When I read this story in Hurkos’ autobiography I found myself thinking of all those romantic poets and artists who had died in poverty because they found it impossible to concentrate on the dreary necessities of material existence.
There is obviously a close analogy.
All this seems to suggest that our brains possess extraordinary powers that most of us never have reason to use.
The problem of survival demands that we are tied down to the everyday world; if this were not so, we might all be calculating prodigies and psychics, and probably literary and artistic geniuses into the bargain.
But to phrase it this way suggests that it is a question of either/or: either we get rid of such unusual faculties or we lose our ability to survive.
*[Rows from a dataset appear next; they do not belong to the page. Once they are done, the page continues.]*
definition coord_update :: "'a ^ 'n \<Rightarrow> 'n \<Rightarrow> 'a \<Rightarrow> 'a ^ 'n" where
  "coord_update z i w = (\<chi> j. if j = i then w else z $ j)"

lemma continuous_on_coord_update:
  assumes "continuous_on S f"
  shows "continuous_on S (\<lambda>x. coord_update z i (f x))"
  unfolding coord_update_def
proof (intro continuous_on_vec_lambda)
  fix j show "continuous_on S (\<lambda>x. if j = i then f x else z $ j)"
    using assms by (cases "j = i") auto
qed

lemma coord_update_in_unit_polydisc:
  assumes "z \<in> unit_polydisc" "cmod w < 1"
  shows "coord_update z i w \<in> unit_polydisc"
  using assms by (auto simp: unit_polydisc_def coord_update_def)

lemma toric_on_coord_update:
  fixes z :: "complex ^ 'n"
  assumes toric: "toric_on unit_polydisc \<phi>" and z: "z \<in> unit_polydisc" and w: "cmod w < 1"
  shows "\<phi> (coord_update z i w) = \<phi> (coord_update z i (complex_of_real (cmod w)))"
proof -
  define \<theta> :: "real ^ 'n" where "\<theta> = (\<chi> j. if j = i then Arg w else 0)"
  have "cis (Arg w) * complex_of_real (cmod w) = w"
    using rcis_cmod_Arg[of w] by (simp add: rcis_def mult.commute)
  then have "(\<chi> j. cis (\<theta> $ j) * coord_update z i (complex_of_real (cmod w)) $ j) = coord_update z i w"
    by (simp add: vec_eq_iff coord_update_def \<theta>_def)
  moreover have "coord_update z i (complex_of_real (cmod w)) \<in> unit_polydisc"
    using coord_update_in_unit_polydisc[OF z] w by simp
  ultimately show ?thesis
    using toric unfolding toric_on_def by (metis (no_types))
qed

lemma psh_on_coord_circle_submean:
  fixes z :: "complex ^ 'n"
  assumes psh: "psh_on unit_polydisc \<phi>" and z: "z \<in> unit_polydisc"
    and \<delta>: "0 < \<delta>" "cmod \<zeta> + \<delta> < 1"
  shows "\<phi> (coord_update z i \<zeta>) \<le> ereal (1 / (2 * pi) * integral {0..2 * pi}
           (\<lambda>t. real_of_ereal (max (\<phi> (coord_update z i (\<zeta> + cis t * complex_of_real \<delta>))) (ereal k))))"
proof -
  define a where "a = coord_update z i \<zeta>"
  define b :: "complex ^ 'n" where "b = coord_update 0 i (complex_of_real \<delta>)"
  have line: "a + w *s b = coord_update z i (\<zeta> + w * complex_of_real \<delta>)" for w
    by (simp add: vec_eq_iff coord_update_def a_def b_def)
  have "a + w *s b \<in> unit_polydisc" if "cmod w \<le> 1" for w
  proof -
    have "cmod (\<zeta> + w * complex_of_real \<delta>) \<le> cmod \<zeta> + cmod w * \<delta>"
      using norm_triangle_ineq[of \<zeta> "w * complex_of_real \<delta>"] \<delta> by (simp add: norm_mult)
    also have "\<dots> \<le> cmod \<zeta> + \<delta>" using that \<delta> by (simp add: mult_left_le_one_le)
    finally show ?thesis
      unfolding line using coord_update_in_unit_polydisc[OF z] \<delta> by simp
  qed
  from psh_onD_submean[OF psh this] show ?thesis
    unfolding line by (simp add: a_def)
qed

lemma toric_psh_mono_coord:
  fixes z :: "complex ^ 'n"
  assumes psh: "psh_on unit_polydisc \<phi>" and toric: "toric_on unit_polydisc \<phi>"
    and z: "z \<in> unit_polydisc" and r: "0 \<le> r1" "r1 \<le> r2" "r2 < 1"
  shows "\<phi> (coord_update z i (complex_of_real r1)) \<le> \<phi> (coord_update z i (complex_of_real r2))"
proof -
  define v where "v r = \<phi> (coord_update z i (complex_of_real r))" for r
  have in_polydisc: "coord_update z i (complex_of_real r) \<in> unit_polydisc" if "r \<in> {0..<1}" for r
    using coord_update_in_unit_polydisc[OF z] that by simp
  have "continuous_on {0..<1} (\<lambda>r. coord_update z i (complex_of_real r))"
    by (intro continuous_on_coord_update continuous_intros)
  then have "usc_on {0..<1} v"
    unfolding v_def[abs_def] using in_polydisc by (intro usc_on_compose[OF psh_onD_usc[OF psh]]) auto
  moreover have "v r \<noteq> \<infinity>" if "0 \<le> r" "r < 1" for r
    unfolding v_def using in_polydisc that by (intro psh_onD_not_infinity[OF psh]) simp
  moreover have "v \<rho> \<le> ereal (1 / (2 * pi) * integral {0..2 * pi}
      (\<lambda>t. real_of_ereal (max (v (cmod (complex_of_real \<rho> + cis t * complex_of_real \<delta>))) (ereal k))))"
    if "0 \<le> \<rho>" "0 < \<delta>" "\<rho> + \<delta> < 1" for \<rho> \<delta> k
  proof -
    have "cmod (complex_of_real \<rho> + cis t * complex_of_real \<delta>) < 1" for t
      using cmod_circle_le[of \<rho> \<delta> t] that by simp
    then have "\<phi> (coord_update z i (complex_of_real \<rho> + cis t * complex_of_real \<delta>))
        = v (cmod (complex_of_real \<rho> + cis t * complex_of_real \<delta>))" for t
      unfolding v_def by (rule toric_on_coord_update[OF toric z])
    then show ?thesis
      using psh_on_coord_circle_submean[OF psh z, of \<delta> "complex_of_real \<rho>" i k] that
      unfolding v_def by simp
  qed
  ultimately have "v r1 \<le> v r2"
    using r by (rule radial_submean_mono)
  then show ?thesis unfolding v_def .
qed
But is the choice really as harsh as that?
I am inclined to doubt it.
Life for most of us is safer and more secure than at any other time in history.
Modern man is far less likely to be knocked down by a car than his ancestors were to be eaten by wild beasts or killed by their fellow men.
(Even as recently as the age of Dr Johnson, remote country houses were often besieged by gangs of ruffians who killed those who resisted and carried off everything of value.) Most of us have hours of leisure every week in which we might explore the possibilities of human consciousness.
No, the real problem is a force of habit so deeply ingrained that it would be better to refer to it as hypnosis.
If you force a chicken’s beak against the floor, then draw a chalk line straight in front of it, the chicken will be unable to raise its head when you let it go; for some odd reason it focuses attention on the chalk line, and becomes hypnotized by it.
We all suffer from a similar tendency; the moment we relax, habit induces a state similar to hypnosis, in which the attention becomes fixed on the external world.
Sartre wrote about the café proprietor in
Nausea:
‘When his café empties, his head empties too.’
But it is not confined to the illiterate or unintelligent.
There is a story told of the famous mathematician Hilbert.
Before a dinner party, his wife sent him upstairs to change his tie; when, after an hour, he had still not reappeared, she went to see what had happened; he was in bed fast asleep.
He explained that as soon as he had removed his tie, he had automatically taken off the rest of his clothes, put on his pyjamas and climbed into bed.